Start of The records

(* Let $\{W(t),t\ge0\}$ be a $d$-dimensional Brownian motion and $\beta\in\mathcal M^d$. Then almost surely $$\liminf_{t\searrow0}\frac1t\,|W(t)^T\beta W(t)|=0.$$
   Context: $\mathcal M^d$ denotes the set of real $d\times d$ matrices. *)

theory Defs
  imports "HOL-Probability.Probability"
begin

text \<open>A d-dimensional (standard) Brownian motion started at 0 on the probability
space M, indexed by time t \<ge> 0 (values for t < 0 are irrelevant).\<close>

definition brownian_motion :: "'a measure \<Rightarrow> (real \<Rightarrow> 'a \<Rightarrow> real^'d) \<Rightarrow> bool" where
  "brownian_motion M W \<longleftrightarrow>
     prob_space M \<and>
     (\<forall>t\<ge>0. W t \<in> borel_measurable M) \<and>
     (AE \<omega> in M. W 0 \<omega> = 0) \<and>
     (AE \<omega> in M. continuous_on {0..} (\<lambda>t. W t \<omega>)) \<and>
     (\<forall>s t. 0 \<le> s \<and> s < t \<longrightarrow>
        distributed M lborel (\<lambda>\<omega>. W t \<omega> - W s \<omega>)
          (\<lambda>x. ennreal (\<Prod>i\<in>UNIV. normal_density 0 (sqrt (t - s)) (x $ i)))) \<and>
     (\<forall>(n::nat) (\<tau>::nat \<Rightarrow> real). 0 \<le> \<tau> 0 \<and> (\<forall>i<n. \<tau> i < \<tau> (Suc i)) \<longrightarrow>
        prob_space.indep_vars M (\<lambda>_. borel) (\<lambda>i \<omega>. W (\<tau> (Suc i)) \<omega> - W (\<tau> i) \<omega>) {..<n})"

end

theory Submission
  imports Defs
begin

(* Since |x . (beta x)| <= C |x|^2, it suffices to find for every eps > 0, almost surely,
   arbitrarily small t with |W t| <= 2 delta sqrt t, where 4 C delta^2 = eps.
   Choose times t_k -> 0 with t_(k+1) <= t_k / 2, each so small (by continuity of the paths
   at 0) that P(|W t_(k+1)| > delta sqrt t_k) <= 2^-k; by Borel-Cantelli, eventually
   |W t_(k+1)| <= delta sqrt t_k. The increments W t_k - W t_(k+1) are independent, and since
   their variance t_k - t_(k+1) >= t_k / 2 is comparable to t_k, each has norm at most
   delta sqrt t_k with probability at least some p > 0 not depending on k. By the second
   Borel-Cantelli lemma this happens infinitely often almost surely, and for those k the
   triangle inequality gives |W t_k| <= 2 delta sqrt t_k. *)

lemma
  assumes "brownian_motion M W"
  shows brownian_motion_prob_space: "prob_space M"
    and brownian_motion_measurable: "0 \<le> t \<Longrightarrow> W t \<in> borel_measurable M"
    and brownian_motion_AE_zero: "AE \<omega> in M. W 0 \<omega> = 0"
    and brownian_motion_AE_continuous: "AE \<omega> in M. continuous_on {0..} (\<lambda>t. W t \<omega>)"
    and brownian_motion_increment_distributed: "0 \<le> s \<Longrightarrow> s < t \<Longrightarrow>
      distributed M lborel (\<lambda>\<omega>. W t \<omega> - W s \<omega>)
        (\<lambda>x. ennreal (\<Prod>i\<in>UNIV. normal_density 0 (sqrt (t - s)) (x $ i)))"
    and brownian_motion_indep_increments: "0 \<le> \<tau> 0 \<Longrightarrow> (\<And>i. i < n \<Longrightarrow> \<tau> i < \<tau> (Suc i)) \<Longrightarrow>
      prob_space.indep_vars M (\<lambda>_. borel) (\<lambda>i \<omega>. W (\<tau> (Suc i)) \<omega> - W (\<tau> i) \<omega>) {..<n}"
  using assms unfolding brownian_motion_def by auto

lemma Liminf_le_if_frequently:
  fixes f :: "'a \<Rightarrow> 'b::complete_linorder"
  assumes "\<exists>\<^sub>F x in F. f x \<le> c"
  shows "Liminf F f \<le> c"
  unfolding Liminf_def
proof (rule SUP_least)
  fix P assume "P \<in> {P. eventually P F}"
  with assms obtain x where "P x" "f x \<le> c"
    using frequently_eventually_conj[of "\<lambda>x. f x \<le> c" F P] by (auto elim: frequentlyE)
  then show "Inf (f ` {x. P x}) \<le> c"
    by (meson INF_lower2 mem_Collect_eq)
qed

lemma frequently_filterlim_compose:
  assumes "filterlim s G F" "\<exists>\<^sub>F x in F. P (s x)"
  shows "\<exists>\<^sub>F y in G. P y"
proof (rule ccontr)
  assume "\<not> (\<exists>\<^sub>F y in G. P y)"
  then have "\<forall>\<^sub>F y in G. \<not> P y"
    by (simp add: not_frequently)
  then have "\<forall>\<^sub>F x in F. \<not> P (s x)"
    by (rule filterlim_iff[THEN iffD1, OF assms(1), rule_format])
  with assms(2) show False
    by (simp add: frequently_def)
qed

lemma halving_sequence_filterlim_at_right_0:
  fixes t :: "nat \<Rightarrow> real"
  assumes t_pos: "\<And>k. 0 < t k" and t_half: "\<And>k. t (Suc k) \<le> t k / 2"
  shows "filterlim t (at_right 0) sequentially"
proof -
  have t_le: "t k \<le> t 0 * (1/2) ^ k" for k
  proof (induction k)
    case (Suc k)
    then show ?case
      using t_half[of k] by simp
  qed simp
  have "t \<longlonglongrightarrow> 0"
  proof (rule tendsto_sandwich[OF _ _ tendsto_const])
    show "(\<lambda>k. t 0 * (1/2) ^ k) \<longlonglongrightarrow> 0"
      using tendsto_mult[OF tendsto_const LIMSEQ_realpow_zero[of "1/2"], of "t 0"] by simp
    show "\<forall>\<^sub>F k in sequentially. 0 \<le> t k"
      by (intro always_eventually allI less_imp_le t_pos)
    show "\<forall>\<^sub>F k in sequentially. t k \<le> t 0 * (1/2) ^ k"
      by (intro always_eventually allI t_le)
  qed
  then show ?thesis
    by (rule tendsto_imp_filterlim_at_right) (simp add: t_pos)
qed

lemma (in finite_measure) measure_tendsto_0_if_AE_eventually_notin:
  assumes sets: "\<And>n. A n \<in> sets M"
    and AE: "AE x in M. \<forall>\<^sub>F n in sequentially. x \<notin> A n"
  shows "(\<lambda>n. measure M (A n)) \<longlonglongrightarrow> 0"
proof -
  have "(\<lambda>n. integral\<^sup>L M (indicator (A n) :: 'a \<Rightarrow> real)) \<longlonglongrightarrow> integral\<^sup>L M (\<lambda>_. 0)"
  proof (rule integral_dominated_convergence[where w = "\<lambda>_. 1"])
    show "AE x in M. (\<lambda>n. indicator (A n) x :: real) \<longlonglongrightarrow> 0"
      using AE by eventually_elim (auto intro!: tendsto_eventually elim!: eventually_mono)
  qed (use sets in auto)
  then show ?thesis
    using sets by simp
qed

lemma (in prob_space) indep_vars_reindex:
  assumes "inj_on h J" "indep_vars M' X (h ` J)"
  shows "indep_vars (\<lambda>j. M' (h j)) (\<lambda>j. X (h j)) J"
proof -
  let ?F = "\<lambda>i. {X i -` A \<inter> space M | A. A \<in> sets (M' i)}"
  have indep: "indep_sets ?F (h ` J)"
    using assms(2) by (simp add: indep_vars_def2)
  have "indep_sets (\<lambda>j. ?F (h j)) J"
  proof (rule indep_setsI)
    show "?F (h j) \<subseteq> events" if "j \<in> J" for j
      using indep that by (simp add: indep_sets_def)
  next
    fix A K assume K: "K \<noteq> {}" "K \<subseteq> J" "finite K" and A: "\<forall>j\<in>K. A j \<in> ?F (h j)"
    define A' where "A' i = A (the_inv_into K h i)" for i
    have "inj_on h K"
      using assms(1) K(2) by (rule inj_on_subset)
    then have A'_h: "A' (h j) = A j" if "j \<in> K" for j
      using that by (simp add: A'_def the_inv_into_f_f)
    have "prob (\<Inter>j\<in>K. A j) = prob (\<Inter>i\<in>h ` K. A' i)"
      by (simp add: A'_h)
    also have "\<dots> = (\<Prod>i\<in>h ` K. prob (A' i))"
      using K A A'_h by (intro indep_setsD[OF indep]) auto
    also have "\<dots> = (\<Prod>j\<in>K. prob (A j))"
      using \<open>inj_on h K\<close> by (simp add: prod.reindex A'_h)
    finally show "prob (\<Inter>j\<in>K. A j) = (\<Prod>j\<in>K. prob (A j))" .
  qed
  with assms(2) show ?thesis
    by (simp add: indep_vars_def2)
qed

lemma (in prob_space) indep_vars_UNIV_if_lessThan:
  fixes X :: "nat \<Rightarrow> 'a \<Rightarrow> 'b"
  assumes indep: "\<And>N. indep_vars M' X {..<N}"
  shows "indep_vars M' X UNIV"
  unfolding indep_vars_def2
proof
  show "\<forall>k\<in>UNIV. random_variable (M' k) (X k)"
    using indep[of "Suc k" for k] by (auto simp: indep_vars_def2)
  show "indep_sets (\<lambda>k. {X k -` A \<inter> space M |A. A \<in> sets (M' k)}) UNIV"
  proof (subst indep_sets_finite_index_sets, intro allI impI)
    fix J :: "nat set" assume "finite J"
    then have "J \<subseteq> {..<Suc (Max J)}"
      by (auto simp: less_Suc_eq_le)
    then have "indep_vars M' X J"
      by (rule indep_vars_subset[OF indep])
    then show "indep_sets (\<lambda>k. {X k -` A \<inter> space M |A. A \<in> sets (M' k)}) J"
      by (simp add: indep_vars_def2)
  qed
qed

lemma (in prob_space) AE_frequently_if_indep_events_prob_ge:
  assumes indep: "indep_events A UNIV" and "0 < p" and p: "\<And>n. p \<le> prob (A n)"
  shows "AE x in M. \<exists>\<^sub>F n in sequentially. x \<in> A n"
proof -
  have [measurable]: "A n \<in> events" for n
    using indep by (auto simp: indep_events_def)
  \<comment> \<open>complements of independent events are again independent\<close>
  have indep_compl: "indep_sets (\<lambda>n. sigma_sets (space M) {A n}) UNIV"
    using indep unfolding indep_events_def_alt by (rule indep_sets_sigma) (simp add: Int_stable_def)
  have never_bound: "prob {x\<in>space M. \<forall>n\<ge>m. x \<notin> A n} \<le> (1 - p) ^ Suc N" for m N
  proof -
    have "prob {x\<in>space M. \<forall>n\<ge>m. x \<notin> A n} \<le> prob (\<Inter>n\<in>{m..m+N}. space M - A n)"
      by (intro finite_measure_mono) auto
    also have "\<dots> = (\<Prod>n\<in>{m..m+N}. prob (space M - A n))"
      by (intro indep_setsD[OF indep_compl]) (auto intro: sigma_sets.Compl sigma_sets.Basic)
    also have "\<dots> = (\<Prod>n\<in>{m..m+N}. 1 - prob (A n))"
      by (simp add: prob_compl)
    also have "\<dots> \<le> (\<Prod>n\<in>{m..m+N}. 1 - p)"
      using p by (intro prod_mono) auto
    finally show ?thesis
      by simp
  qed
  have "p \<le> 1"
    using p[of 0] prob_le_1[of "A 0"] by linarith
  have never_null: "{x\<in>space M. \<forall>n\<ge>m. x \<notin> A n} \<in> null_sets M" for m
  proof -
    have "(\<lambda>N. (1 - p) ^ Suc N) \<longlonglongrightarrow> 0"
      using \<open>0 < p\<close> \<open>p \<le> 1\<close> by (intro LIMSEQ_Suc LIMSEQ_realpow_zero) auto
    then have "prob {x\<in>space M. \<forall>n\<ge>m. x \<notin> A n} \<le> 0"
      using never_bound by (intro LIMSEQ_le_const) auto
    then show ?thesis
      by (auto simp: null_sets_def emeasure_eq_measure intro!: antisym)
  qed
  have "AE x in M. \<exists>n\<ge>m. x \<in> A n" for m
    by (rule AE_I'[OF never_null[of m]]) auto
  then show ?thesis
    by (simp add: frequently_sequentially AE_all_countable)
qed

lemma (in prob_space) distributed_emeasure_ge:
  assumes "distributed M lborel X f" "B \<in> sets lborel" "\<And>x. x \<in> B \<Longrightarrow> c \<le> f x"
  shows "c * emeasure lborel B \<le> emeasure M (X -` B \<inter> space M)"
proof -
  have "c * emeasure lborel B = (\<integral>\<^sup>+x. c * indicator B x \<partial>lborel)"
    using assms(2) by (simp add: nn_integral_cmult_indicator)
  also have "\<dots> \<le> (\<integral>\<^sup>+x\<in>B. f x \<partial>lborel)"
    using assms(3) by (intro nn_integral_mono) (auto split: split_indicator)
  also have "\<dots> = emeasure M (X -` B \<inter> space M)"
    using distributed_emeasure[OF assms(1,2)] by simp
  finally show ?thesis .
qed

End of The records

# What to work on:
Which lines of the data include "shows"? Copy each of them.

# Written answer:
  shows brownian_motion_prob_space: "prob_space M"
  shows "Liminf F f \<le> c"
  shows "\<exists>\<^sub>F y in G. P y"
  shows "filterlim t (at_right 0) sequentially"
  shows "(\<lambda>n. measure M (A n)) \<longlonglongrightarrow> 0"
  shows "indep_vars (\<lambda>j. M' (h j)) (\<lambda>j. X (h j)) J"
  shows "indep_vars M' X UNIV"
  shows "AE x in M. \<exists>\<^sub>F n in sequentially. x \<in> A n"
  shows "c * emeasure lborel B \<le> emeasure M (X -` B \<inter> space M)"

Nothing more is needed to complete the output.